Wherever the word "using" occurs in the lines below, copy the whole line.

The data.
..............................

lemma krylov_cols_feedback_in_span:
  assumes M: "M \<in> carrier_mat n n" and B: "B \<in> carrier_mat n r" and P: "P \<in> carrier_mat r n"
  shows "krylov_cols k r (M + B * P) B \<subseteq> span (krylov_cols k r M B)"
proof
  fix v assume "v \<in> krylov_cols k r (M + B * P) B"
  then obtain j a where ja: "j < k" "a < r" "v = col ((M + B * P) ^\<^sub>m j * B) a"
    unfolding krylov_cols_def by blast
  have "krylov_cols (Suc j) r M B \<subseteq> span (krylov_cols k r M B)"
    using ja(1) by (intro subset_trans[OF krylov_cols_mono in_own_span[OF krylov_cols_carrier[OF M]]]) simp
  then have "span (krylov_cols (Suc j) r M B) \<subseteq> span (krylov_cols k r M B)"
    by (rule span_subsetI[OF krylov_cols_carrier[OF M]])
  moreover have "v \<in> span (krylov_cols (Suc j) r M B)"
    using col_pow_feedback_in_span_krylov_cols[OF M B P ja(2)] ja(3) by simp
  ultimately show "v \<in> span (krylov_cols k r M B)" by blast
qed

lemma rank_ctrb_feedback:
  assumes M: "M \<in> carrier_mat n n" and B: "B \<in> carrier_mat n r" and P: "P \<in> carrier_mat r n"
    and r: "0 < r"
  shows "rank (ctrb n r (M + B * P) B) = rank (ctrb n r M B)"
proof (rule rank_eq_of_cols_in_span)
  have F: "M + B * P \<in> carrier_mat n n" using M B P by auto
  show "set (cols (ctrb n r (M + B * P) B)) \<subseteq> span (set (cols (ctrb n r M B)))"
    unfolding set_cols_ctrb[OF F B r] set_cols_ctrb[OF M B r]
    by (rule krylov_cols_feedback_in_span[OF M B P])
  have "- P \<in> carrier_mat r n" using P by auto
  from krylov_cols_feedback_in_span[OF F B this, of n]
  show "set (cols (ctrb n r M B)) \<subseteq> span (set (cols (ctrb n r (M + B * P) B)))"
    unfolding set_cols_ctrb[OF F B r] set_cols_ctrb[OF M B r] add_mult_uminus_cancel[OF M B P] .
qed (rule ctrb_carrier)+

..............................

Answer space.
    using ja(1) by (intro subset_trans[OF krylov_cols_mono in_own_span[OF krylov_cols_carrier[OF M]]]) simp
    using col_pow_feedback_in_span_krylov_cols[OF M B P ja(2)] ja(3) by simp
  have F: "M + B * P \<in> carrier_mat n n" using M B P by auto
  have "- P \<in> carrier_mat r n" using P by auto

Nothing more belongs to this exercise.